[Opening Material shown section]

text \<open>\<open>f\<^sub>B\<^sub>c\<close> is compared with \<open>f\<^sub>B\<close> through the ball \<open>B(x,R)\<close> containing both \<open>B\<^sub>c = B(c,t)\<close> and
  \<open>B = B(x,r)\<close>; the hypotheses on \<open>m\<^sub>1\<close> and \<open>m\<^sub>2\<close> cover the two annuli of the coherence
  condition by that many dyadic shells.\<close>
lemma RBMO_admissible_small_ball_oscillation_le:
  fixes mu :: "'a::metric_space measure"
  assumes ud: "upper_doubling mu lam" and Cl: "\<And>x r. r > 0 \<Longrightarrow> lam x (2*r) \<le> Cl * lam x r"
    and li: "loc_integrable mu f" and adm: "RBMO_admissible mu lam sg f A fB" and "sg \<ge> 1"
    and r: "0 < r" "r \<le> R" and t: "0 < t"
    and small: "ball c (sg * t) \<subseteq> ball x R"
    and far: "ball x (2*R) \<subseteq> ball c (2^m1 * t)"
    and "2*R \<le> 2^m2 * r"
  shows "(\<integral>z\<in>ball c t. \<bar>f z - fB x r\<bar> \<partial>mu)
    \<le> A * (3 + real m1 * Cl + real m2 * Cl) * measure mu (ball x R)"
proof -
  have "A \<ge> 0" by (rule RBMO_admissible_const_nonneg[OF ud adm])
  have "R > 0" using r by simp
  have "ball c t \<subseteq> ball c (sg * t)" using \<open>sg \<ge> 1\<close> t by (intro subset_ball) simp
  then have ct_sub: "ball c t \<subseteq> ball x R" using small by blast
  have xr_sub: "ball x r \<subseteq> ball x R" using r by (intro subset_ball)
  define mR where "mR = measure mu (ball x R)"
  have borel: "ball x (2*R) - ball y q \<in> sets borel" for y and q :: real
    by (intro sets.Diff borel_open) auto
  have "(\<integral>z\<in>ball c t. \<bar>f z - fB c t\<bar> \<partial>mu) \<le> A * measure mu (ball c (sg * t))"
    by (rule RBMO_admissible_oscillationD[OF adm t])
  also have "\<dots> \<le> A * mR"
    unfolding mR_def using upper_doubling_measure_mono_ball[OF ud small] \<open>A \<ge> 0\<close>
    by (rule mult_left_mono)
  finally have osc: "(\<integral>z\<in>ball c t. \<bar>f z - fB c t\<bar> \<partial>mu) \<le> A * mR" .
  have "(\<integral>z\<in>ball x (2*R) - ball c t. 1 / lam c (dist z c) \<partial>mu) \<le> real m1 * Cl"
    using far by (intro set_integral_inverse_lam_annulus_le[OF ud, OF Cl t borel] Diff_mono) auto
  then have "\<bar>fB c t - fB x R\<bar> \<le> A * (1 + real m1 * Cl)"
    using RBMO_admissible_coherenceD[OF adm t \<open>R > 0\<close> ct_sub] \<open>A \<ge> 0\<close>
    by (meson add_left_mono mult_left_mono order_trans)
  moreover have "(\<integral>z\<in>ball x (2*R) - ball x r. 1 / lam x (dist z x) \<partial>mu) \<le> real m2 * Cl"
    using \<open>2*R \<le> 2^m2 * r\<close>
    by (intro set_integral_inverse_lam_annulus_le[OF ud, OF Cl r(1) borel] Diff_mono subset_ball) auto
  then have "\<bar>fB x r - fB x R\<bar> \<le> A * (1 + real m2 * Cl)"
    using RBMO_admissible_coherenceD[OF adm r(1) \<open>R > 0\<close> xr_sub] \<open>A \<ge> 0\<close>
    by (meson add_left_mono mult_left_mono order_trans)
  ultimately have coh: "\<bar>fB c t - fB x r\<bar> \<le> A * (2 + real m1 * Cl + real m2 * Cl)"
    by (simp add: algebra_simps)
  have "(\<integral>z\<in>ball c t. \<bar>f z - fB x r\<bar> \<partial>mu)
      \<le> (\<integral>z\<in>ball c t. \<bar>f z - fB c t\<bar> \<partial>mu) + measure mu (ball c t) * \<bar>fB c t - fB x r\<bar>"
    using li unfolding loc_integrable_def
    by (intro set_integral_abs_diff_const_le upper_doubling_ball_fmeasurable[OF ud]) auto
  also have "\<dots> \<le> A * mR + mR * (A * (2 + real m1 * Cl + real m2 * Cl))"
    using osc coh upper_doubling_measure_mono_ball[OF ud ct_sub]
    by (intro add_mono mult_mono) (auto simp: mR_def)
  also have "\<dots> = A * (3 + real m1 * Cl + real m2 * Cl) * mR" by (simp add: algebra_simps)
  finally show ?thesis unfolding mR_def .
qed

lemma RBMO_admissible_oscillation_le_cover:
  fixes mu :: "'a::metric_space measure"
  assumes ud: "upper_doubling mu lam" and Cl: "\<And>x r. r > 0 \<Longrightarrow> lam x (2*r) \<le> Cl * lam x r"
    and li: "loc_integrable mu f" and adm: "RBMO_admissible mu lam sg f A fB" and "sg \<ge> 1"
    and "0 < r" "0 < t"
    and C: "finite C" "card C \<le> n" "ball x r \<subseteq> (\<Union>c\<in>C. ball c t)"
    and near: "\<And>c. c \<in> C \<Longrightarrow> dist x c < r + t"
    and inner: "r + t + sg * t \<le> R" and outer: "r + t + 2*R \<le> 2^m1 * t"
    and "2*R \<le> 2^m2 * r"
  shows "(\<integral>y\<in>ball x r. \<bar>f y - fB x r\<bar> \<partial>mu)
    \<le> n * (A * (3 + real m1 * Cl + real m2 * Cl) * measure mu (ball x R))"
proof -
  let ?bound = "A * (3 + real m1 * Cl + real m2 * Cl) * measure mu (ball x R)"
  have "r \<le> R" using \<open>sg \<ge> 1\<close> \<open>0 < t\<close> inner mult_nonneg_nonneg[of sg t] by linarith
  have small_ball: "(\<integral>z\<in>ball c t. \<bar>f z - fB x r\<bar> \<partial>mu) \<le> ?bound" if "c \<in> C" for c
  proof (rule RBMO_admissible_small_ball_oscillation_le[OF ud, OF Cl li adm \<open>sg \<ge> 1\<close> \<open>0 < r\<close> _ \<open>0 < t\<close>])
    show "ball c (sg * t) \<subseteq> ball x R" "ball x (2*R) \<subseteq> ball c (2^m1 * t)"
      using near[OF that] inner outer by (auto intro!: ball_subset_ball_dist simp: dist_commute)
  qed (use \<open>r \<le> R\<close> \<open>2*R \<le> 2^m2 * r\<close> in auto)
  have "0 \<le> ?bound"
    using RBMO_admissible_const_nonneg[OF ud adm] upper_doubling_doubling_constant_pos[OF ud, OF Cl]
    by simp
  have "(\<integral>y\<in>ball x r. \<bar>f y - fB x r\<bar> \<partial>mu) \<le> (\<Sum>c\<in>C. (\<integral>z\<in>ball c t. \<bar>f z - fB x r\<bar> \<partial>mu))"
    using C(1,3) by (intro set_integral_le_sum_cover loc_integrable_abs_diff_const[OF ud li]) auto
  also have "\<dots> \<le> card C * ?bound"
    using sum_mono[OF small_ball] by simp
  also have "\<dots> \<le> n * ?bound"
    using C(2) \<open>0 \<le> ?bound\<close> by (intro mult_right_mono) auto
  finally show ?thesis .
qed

[Closing Material shown section]
[Opening Material shown section]

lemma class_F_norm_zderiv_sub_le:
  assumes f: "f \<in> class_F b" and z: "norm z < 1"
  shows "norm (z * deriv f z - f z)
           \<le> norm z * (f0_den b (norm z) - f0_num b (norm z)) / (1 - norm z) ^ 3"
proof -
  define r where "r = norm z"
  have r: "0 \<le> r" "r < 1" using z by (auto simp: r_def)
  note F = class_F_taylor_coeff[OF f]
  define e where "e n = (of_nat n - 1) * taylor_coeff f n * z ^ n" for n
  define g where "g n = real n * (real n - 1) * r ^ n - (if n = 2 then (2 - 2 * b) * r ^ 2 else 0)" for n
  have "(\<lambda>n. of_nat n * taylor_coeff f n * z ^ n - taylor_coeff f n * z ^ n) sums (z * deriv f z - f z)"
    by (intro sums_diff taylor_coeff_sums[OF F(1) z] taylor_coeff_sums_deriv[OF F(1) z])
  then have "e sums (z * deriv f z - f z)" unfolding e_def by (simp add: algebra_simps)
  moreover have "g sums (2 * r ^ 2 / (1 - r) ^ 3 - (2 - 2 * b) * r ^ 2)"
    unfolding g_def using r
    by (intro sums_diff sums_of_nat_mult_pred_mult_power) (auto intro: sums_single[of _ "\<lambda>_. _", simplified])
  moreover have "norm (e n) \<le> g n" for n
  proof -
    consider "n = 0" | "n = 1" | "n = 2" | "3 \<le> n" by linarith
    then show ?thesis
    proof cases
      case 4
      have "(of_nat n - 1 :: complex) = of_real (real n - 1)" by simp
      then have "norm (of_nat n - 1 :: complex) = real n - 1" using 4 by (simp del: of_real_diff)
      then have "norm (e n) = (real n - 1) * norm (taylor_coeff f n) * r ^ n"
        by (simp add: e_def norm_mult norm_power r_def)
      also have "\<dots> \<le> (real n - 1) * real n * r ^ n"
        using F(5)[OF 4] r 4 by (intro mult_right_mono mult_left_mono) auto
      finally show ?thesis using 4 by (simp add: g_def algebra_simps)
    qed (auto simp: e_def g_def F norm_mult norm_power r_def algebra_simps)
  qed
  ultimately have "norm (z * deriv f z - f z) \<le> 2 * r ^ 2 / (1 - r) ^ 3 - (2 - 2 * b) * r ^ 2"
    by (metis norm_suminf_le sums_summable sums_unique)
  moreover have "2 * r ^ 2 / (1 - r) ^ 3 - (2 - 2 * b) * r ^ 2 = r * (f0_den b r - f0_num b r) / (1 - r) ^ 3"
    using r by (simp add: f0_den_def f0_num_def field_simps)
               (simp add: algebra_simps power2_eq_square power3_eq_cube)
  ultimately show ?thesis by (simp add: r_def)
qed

[Closing Material shown section]
[Opening Material shown section]

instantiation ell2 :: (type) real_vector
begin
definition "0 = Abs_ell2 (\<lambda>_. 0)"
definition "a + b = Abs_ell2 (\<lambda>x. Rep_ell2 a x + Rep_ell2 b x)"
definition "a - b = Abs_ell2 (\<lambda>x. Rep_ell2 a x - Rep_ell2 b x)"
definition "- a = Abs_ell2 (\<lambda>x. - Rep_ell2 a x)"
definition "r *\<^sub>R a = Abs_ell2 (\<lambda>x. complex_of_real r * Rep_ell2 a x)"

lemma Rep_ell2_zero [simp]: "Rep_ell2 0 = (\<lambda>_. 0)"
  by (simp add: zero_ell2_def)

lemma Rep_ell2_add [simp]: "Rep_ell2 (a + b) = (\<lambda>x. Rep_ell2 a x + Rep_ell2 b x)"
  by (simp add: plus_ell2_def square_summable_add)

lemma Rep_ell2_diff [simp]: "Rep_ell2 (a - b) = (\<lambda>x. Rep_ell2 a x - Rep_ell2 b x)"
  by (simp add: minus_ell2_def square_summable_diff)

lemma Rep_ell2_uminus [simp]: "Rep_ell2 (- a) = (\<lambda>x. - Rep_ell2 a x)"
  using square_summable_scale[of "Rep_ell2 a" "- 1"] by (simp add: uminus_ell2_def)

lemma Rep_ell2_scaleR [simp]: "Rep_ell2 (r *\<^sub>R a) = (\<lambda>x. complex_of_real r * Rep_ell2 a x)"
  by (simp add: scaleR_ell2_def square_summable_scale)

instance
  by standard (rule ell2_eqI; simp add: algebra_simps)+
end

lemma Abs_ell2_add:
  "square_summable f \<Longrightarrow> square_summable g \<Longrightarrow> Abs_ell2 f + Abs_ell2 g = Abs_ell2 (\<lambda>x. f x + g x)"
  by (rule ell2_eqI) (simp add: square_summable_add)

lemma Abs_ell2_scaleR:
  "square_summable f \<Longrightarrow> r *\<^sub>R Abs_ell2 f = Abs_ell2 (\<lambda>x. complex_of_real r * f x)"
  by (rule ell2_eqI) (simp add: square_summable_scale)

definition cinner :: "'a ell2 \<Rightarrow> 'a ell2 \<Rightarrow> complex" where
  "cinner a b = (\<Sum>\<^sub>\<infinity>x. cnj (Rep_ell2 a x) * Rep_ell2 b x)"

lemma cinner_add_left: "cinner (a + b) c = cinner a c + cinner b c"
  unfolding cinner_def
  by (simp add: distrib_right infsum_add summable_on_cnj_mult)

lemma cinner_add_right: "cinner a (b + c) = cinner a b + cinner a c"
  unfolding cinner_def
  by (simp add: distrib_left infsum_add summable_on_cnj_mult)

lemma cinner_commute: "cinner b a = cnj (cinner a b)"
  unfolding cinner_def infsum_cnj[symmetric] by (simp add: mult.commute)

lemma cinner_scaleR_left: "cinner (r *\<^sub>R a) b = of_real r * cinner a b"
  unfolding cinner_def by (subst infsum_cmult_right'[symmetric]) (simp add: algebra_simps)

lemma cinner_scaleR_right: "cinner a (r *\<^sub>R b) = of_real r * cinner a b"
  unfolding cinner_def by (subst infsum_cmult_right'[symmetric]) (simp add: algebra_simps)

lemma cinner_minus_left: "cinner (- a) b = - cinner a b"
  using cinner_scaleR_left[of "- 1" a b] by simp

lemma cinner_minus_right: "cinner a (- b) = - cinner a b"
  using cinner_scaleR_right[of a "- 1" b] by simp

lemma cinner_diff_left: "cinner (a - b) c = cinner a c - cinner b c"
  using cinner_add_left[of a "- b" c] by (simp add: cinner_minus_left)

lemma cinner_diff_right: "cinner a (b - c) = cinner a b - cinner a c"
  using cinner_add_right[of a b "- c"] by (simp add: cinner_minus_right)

[Closing Material shown section]

- Work task:
From the records above, pull every line that has the string "where" and copy it.

- Solution to this problem:
  define mR where "mR = measure mu (ball x R)"
  define r where "r = norm z"
  define e where "e n = (of_nat n - 1) * taylor_coeff f n * z ^ n" for n
  define g where "g n = real n * (real n - 1) * r ^ n - (if n = 2 then (2 - 2 * b) * r ^ 2 else 0)" for n
definition cinner :: "'a ell2 \<Rightarrow> 'a ell2 \<Rightarrow> complex" where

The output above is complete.